### [WORK REQUIRED]
The answer must be the complete listing, copied exactly.

### [ENTRIES PROVIDED]
(* Let $G$ be an antimatroid on a ground set $S$ with $|S|=n$, and for $i,j\ge0$ let $a_{i,j}$ be the number of convex sets $C$ of $G$ with $|C|=i$ and $|\mathrm{int}(C)|=j$. Then: (1) for every integer $0\le k<n$, $$\sum_{i=0}^{k}\sum_{j=0}^{k-i}(-1)^j\binom{k-i}{j}\sum_{s=i}^{n}(-1)^{s-i}\binom{s}{i}a_{s,j}=0;$$ (2) for $k=n$, $$\sum_{i=0}^{n}\sum_{j=0}^{n-i}(-1)^j\binom{n-i}{j}\sum_{s=i}^{n}(-1)^{s-i}\binom{s}{i}a_{s,j}=1.$$
   Context: An antimatroid on a finite set $S$ is a family $\mathcal{F}\subseteq 2^S$ of feasible sets with $\emptyset\in\mathcal{F}$, $S\in\mathcal{F}$, closed under union, and accessible: every nonempty $F\in\mathcal{F}$ contains some $x$ with $F\setminus\{x\}\in\mathcal{F}$. A set $C$ is convex if $S\setminus C\in\mathcal{F}$; convex sets are closed under intersection, and the convex closure $\overline{A}$ of $A$ is the smallest convex set containing $A$. For convex $C$, $p\in C$ is extreme if $p\notin\overline{C\setminus\{p\}}$; $\mathrm{int}(C)$ is the set of non-extreme points of $C$. *)

theory Defs
  imports Main
begin

definition antimatroid :: "'a set \<Rightarrow> 'a set set \<Rightarrow> bool" where
  "antimatroid S F \<longleftrightarrow> finite S \<and> F \<subseteq> Pow S \<and> {} \<in> F \<and> S \<in> F \<and>
     (\<forall>A\<in>F. \<forall>B\<in>F. A \<union> B \<in> F) \<and>
     (\<forall>A\<in>F. A \<noteq> {} \<longrightarrow> (\<exists>x\<in>A. A - {x} \<in> F))"

definition convex_set :: "'a set \<Rightarrow> 'a set set \<Rightarrow> 'a set \<Rightarrow> bool" where
  "convex_set S F C \<longleftrightarrow> C \<subseteq> S \<and> S - C \<in> F"

definition conv_closure :: "'a set \<Rightarrow> 'a set set \<Rightarrow> 'a set \<Rightarrow> 'a set" where
  "conv_closure S F A = \<Inter>{C. convex_set S F C \<and> A \<subseteq> C}"

definition extreme_pt :: "'a set \<Rightarrow> 'a set set \<Rightarrow> 'a set \<Rightarrow> 'a \<Rightarrow> bool" where
  "extreme_pt S F C p \<longleftrightarrow> p \<in> C \<and> p \<notin> conv_closure S F (C - {p})"

definition interior_pts :: "'a set \<Rightarrow> 'a set set \<Rightarrow> 'a set \<Rightarrow> 'a set" where
  "interior_pts S F C = {p \<in> C. \<not> extreme_pt S F C p}"

definition a_count :: "'a set \<Rightarrow> 'a set set \<Rightarrow> nat \<Rightarrow> nat \<Rightarrow> nat" where
  "a_count S F i j = card {C. convex_set S F C \<and> card C = i \<and> card (interior_pts S F C) = j}"

end

theory Submission
  imports Defs
begin

text \<open>For A \<subseteq> S let w_k(A) = \<Sum>{(-1)^(|A| - |B|) | B \<subseteq> A, |B| \<le> k} (truncated_sign_sum). By inclusion--exclusion,
  the sum of w_k over all subsets of S is 1 if n \<le> k and 0 otherwise. Now group the subsets
  of S by their convex closure: the sets with closure C are exactly those between the extreme
  points ex(C) and C, because C is the closure of ex(C) (an antimatroid Krein--Milman theorem).
  The sum of w_k over such an interval depends only on |ex(C)| and |int(C)|, and a binomial
  computation identifies it with the contribution of C to the double sum over the a_{i,j}.\<close>

definition alt_binom_conv :: "nat \<Rightarrow> nat \<Rightarrow> nat \<Rightarrow> int" where
  "alt_binom_conv s j k = (\<Sum>i=0..k. (-1)^i * int (s choose i) * int ((k - i) choose j))"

### [EXPECTED OUTPUT]
(* Let $G$ be an antimatroid on a ground set $S$ with $|S|=n$, and for $i,j\ge0$ let $a_{i,j}$ be the number of convex sets $C$ of $G$ with $|C|=i$ and $|\mathrm{int}(C)|=j$. Then: (1) for every integer $0\le k<n$, $$\sum_{i=0}^{k}\sum_{j=0}^{k-i}(-1)^j\binom{k-i}{j}\sum_{s=i}^{n}(-1)^{s-i}\binom{s}{i}a_{s,j}=0;$$ (2) for $k=n$, $$\sum_{i=0}^{n}\sum_{j=0}^{n-i}(-1)^j\binom{n-i}{j}\sum_{s=i}^{n}(-1)^{s-i}\binom{s}{i}a_{s,j}=1.$$
   Context: An antimatroid on a finite set $S$ is a family $\mathcal{F}\subseteq 2^S$ of feasible sets with $\emptyset\in\mathcal{F}$, $S\in\mathcal{F}$, closed under union, and accessible: every nonempty $F\in\mathcal{F}$ contains some $x$ with $F\setminus\{x\}\in\mathcal{F}$. A set $C$ is convex if $S\setminus C\in\mathcal{F}$; convex sets are closed under intersection, and the convex closure $\overline{A}$ of $A$ is the smallest convex set containing $A$. For convex $C$, $p\in C$ is extreme if $p\notin\overline{C\setminus\{p\}}$; $\mathrm{int}(C)$ is the set of non-extreme points of $C$. *)

theory Defs
  imports Main
begin

definition antimatroid :: "'a set \<Rightarrow> 'a set set \<Rightarrow> bool" where
  "antimatroid S F \<longleftrightarrow> finite S \<and> F \<subseteq> Pow S \<and> {} \<in> F \<and> S \<in> F \<and>
     (\<forall>A\<in>F. \<forall>B\<in>F. A \<union> B \<in> F) \<and>
     (\<forall>A\<in>F. A \<noteq> {} \<longrightarrow> (\<exists>x\<in>A. A - {x} \<in> F))"

definition convex_set :: "'a set \<Rightarrow> 'a set set \<Rightarrow> 'a set \<Rightarrow> bool" where
  "convex_set S F C \<longleftrightarrow> C \<subseteq> S \<and> S - C \<in> F"

definition conv_closure :: "'a set \<Rightarrow> 'a set set \<Rightarrow> 'a set \<Rightarrow> 'a set" where
  "conv_closure S F A = \<Inter>{C. convex_set S F C \<and> A \<subseteq> C}"

definition extreme_pt :: "'a set \<Rightarrow> 'a set set \<Rightarrow> 'a set \<Rightarrow> 'a \<Rightarrow> bool" where
  "extreme_pt S F C p \<longleftrightarrow> p \<in> C \<and> p \<notin> conv_closure S F (C - {p})"

definition interior_pts :: "'a set \<Rightarrow> 'a set set \<Rightarrow> 'a set \<Rightarrow> 'a set" where
  "interior_pts S F C = {p \<in> C. \<not> extreme_pt S F C p}"

definition a_count :: "'a set \<Rightarrow> 'a set set \<Rightarrow> nat \<Rightarrow> nat \<Rightarrow> nat" where
  "a_count S F i j = card {C. convex_set S F C \<and> card C = i \<and> card (interior_pts S F C) = j}"

end

theory Submission
  imports Defs
begin

text \<open>For A \<subseteq> S let w_k(A) = \<Sum>{(-1)^(|A| - |B|) | B \<subseteq> A, |B| \<le> k} (truncated_sign_sum). By inclusion--exclusion,
  the sum of w_k over all subsets of S is 1 if n \<le> k and 0 otherwise. Now group the subsets
  of S by their convex closure: the sets with closure C are exactly those between the extreme
  points ex(C) and C, because C is the closure of ex(C) (an antimatroid Krein--Milman theorem).
  The sum of w_k over such an interval depends only on |ex(C)| and |int(C)|, and a binomial
  computation identifies it with the contribution of C to the double sum over the a_{i,j}.\<close>

definition alt_binom_conv :: "nat \<Rightarrow> nat \<Rightarrow> nat \<Rightarrow> int" where
  "alt_binom_conv s j k = (\<Sum>i=0..k. (-1)^i * int (s choose i) * int ((k - i) choose j))"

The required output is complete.